Anticipating, Fabulating and Inventing with Bergson and Simondon

Authors

  • Johannes Schick University of Cologne

DOI:

https://doi.org/10.3384/cu.1689

Keywords:

Philosophy of Time, Philosophy of Technology, Philosophy of Life, Henri Bergson, Gilbert Simondon, French Epistemology

Abstract

This article analyzes the conceptions of anticipation and invention in the philosophies of Henri Bergson and Gilbert Simondon. In doing so, I analyze the questions how futures are anticipated and what role technologies play in the anticipation and invention of the future. Technologies are increasingly used to predict, prescribe and control behavior. These technologies are based upon the ontological belief that reality is computable and predictable. With Bergson and Simondon, I aim to show that this ontology does not take the temporal structure and the anticipatory faculty of living beings into account. Anticipation is an essential activity of a living being in its milieu. In order to survive, living beings structure their milieu to make their future actions reliable. Images are central to this process. They are constantly evoked by and with practices. They are transformed and used to anticipate and imagine the future. Yet, these images are affectively charged and can be an expression of what Bergson calls “myth-making function” (fonction fabulatrice).
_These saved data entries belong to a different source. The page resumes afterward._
lemma exists_nonmeasurable_partition_less_continuum:
  assumes less: "|UNIV :: 'i set| <o |UNIV :: real set|"
  shows "\<exists>P :: 'i \<Rightarrow> real set. nonmeasurable_partition P"
proof -
  obtain A :: "real set" where A: "A \<notin> null_sets lebesgue" "|A| =o |UNIV :: 'i set|"
    using exists_non_null_of_card by blast
  obtain t :: "'i \<Rightarrow> real" where disjoint: "disjoint_family (\<lambda>a. (+) (t a) ` A)"
    using exists_disjoint_translates[OF ordIso_imp_ordLeq[OF A(2)] less] by blast
  define P where "P a = (+) (t a) ` A" for a
  have "|P a| \<le>o |UNIV :: 'i set|" for a
    unfolding P_def using card_of_image A(2) ordLeq_ordIso_trans by blast
  then have card_union: "|\<Union>(range P)| \<le>o |UNIV :: 'i set|"
    by (intro card_of_UNION_ordLeq_infinite[OF infinite_UNIV]) (auto intro: ordIso_imp_ordLeq[OF card_of_refl])
  have "(\<Union>a\<in>S. P a) \<notin> sets lebesgue" if "S \<noteq> {}" for S
  proof (rule not_lebesgue_measurable_if_card_less_continuum)
    have "|\<Union>a\<in>S. P a| \<le>o |\<Union>(range P)|" by (rule card_of_mono1) blast
    also have "|\<Union>(range P)| \<le>o |UNIV :: 'i set|" by (fact card_union)
    finally show "|\<Union>a\<in>S. P a| <o |UNIV :: real set|" using less by (rule ordLeq_ordLess_trans)
    obtain a where "a \<in> S" using \<open>S \<noteq> {}\<close> by blast
    have "\<not> negligible (P a)"
      using A(1) negligible_translation_rev negligible_iff_null_sets unfolding P_def by blast
    then show "(\<Union>a\<in>S. P a) \<notin> null_sets lebesgue"
      using \<open>a \<in> S\<close> negligible_subset[of "\<Union>a\<in>S. P a" "P a"] negligible_iff_null_sets by blast
  qed
  then show ?thesis
    using disjoint card_union unfolding nonmeasurable_partition_def P_def by blast
qed

lemma exists_inj_on_closed_non_null_choice:
  assumes ge: "|UNIV :: real set| \<le>o |UNIV :: 'i set|"
  shows "\<exists>f. inj_on f (closed_non_null \<times> (UNIV :: 'i option set)) \<and>
    (\<forall>F\<in>closed_non_null. \<forall>u. f (F, u) \<in> F)"
proof -
  let ?J = "closed_non_null \<times> (UNIV :: 'i option set)"
  have "|closed_non_null| \<le>o |UNIV :: 'i set|"
    using card_of_closed_non_null ge by (rule ordLeq_transitive)
  then have "|?J| \<le>o |(UNIV :: 'i set) \<times> (UNIV :: 'i option set)|"
    by (rule card_of_Times_mono1)
  also have "|(UNIV :: 'i set) \<times> (UNIV :: 'i option set)| \<le>o |(UNIV :: 'i set) \<times> (UNIV :: 'i set)|"
    by (rule card_of_Times_mono2[OF card_of_option_UNIV_le[OF infinite_UNIV]])
  also have "|(UNIV :: 'i set) \<times> (UNIV :: 'i set)| =o |UNIV :: 'i set|"
    by (rule card_of_Times_same_infinite[OF infinite_UNIV])
  finally have "|?J| \<le>o |UNIV :: 'i set|" .
  moreover have "|UNIV :: 'i set| \<le>o |fst j|" if "j \<in> ?J" for j
    using that card_le_if_not_null unfolding closed_non_null_def by auto
  ultimately obtain f where "inj_on f ?J" "\<And>j. j \<in> ?J \<Longrightarrow> f j \<in> fst j"
    using exists_inj_on_choice[of ?J fst] by blast
  then show ?thesis by auto
qed

lemma exists_nonmeasurable_partition_ge_continuum:
  assumes ge: "|UNIV :: real set| \<le>o |UNIV :: 'i set|"
  shows "\<exists>P :: 'i \<Rightarrow> real set. nonmeasurable_partition P"
proof -
  obtain f where f_inj: "inj_on f (closed_non_null \<times> (UNIV :: 'i option set))"
    and f_in: "\<And>F u. F \<in> closed_non_null \<Longrightarrow> f (F, u) \<in> F"
    using exists_inj_on_closed_non_null_choice[OF ge] by blast
  define P where "P a = (\<lambda>F. f (F, Some a)) ` closed_non_null" for a
  have f_ne: "f (F, u) \<noteq> f (F', u')" if "F \<in> closed_non_null" "F' \<in> closed_non_null" "u \<noteq> u'"
    for F F' u u'
  proof
    assume "f (F, u) = f (F', u')"
    then have "(F, u) = (F', u')" by (rule inj_onD[OF f_inj]) (simp_all add: that(1,2))
    then show False using that(3) by simp
  qed
  have "P m \<inter> P n = {}" if "m \<noteq> n" for m n
  proof (rule equals0I)
    fix z assume "z \<in> P m \<inter> P n"
    then obtain F F' where "F \<in> closed_non_null" "F' \<in> closed_non_null" "f (F, Some m) = f (F', Some n)"
      unfolding P_def by blast
    then show False using f_ne[of F F' "Some m" "Some n"] that by simp
  qed
  then have "disjoint_family P" unfolding disjoint_family_on_def by blast
  moreover have "|\<Union>(range P)| \<le>o |UNIV :: 'i set|"
    by (rule ordLeq_transitive[OF card_of_mono1[OF subset_UNIV] ge])
  \<comment> \<open>a point of \<open>F\<close> lies in the union, another one outside it\<close>
  moreover have "(\<Union>a\<in>S. P a) \<notin> sets lebesgue" if "S \<noteq> {}" for S
  proof (rule not_lebesgue_measurable_if_Bernstein)
    fix F assume F: "F \<in> closed_non_null"
    obtain a where "a \<in> S" using \<open>S \<noteq> {}\<close> by blast
    have "f (F, None) \<notin> (\<Union>a\<in>S. P a)"
    proof
      assume "f (F, None) \<in> (\<Union>a\<in>S. P a)"
      then obtain b F' where "F' \<in> closed_non_null" "f (F, None) = f (F', Some b)" unfolding P_def by blast
      then show False using f_ne[OF F \<open>F' \<in> closed_non_null\<close>, of None "Some b"] by simp
    qed
    moreover have "f (F, Some a) \<in> P a" using F unfolding P_def by blast
    then have "f (F, Some a) \<in> (\<Union>a\<in>S. P a)" using \<open>a \<in> S\<close> by blast
    moreover have "f (F, u) \<in> F" for u using f_in[OF F] .
    ultimately show "\<not> F \<subseteq> (\<Union>a\<in>S. P a) \<and> \<not> F \<subseteq> - (\<Union>a\<in>S. P a)"
      by blast
  qed
  ultimately show ?thesis unfolding nonmeasurable_partition_def by blast
qed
While Bergson describes this function as a positive force, one can ask whether this force turns against itself in face of our contemporary climate crisis, digital technologies and the crisis of open democracies. An alternative is to understand and to construct technical objects as essentially open in analogy to the living being. This implies a conception of the human not as a fixed conception, but as an “open adventure” (Simondon 2016: 121)that constantly re-invents itself in relation with nature and technology.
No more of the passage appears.